* Stored data

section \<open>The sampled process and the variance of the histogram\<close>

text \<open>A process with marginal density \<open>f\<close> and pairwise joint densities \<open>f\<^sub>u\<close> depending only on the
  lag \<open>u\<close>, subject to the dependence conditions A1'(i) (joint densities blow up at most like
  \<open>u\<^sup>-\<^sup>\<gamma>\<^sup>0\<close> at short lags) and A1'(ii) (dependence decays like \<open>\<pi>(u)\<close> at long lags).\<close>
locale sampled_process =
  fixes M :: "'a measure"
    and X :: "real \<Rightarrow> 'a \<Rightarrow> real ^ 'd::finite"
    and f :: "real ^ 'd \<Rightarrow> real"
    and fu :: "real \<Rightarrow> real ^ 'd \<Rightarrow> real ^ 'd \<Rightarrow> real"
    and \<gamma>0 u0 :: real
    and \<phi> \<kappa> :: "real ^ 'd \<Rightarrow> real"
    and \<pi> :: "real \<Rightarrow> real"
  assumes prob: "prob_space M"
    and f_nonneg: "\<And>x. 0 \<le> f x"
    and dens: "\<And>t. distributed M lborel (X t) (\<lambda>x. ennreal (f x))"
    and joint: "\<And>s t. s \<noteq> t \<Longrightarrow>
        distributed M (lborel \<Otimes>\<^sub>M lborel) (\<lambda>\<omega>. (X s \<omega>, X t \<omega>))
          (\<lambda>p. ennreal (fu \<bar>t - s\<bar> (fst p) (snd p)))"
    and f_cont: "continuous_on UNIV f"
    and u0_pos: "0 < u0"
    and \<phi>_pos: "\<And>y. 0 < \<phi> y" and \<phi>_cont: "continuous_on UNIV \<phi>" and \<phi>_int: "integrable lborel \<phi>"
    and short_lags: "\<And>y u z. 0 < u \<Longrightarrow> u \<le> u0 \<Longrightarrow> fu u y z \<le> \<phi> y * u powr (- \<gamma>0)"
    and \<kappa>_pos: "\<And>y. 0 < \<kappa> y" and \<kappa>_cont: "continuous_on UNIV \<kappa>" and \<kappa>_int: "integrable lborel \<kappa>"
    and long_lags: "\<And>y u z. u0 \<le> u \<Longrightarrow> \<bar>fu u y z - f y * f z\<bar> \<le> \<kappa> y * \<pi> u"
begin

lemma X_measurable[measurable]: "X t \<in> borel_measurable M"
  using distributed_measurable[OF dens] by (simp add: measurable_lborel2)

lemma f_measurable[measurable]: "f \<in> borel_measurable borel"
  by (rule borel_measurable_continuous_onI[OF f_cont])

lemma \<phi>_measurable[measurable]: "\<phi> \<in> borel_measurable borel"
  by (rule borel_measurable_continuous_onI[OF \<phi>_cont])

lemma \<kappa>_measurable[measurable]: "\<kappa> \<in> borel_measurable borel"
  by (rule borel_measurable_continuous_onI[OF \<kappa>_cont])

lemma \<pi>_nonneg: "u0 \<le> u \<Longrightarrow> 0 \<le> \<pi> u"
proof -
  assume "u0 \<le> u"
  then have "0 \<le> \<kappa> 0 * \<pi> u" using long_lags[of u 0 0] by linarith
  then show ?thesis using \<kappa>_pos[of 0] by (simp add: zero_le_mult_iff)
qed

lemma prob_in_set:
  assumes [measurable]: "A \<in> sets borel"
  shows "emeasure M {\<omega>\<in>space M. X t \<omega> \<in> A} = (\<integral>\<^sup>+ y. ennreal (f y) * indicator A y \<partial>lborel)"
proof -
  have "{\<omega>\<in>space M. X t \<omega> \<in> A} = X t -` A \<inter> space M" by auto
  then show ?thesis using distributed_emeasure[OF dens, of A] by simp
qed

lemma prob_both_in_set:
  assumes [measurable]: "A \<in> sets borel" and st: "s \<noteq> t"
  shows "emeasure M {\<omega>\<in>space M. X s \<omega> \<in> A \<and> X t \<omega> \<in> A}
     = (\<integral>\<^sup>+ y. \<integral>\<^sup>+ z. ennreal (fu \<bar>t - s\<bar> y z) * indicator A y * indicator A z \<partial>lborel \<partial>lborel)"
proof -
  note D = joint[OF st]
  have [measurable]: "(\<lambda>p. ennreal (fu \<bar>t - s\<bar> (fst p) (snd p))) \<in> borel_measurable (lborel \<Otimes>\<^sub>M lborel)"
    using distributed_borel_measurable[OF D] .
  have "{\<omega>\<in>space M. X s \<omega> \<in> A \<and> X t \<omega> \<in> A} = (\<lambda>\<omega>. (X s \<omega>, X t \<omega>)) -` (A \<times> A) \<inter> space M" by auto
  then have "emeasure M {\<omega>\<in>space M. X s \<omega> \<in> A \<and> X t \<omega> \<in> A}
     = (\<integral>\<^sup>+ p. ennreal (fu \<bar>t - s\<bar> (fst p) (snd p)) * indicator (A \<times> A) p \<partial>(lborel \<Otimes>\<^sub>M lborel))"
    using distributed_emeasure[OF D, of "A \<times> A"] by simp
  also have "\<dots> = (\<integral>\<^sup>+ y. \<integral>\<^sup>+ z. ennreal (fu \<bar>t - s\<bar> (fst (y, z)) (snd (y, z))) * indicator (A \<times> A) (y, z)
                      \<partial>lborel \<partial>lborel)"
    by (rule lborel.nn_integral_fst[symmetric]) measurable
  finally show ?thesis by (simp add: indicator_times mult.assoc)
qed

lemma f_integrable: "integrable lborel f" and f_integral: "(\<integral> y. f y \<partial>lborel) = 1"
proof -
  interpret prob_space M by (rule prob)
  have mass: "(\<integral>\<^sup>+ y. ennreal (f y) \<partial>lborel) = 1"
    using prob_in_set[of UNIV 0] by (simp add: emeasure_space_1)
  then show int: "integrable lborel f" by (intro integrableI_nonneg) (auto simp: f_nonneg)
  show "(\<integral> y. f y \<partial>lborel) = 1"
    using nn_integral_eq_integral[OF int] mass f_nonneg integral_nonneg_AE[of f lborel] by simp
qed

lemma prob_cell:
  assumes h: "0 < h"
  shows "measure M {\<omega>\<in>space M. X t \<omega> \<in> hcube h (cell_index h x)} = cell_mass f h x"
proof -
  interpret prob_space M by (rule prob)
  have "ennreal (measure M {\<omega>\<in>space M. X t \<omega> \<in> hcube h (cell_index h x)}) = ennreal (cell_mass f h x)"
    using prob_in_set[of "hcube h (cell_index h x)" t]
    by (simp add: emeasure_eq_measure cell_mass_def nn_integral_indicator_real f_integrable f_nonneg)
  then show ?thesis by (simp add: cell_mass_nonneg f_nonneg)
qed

* Assigned task
Would you copy every line of the entries in which "thesis" appears?

* Result below
  then show ?thesis using \<kappa>_pos[of 0] by (simp add: zero_le_mult_iff)
  then show ?thesis using distributed_emeasure[OF dens, of A] by simp
  finally show ?thesis by (simp add: indicator_times mult.assoc)
  then show ?thesis by (simp add: cell_mass_nonneg f_nonneg)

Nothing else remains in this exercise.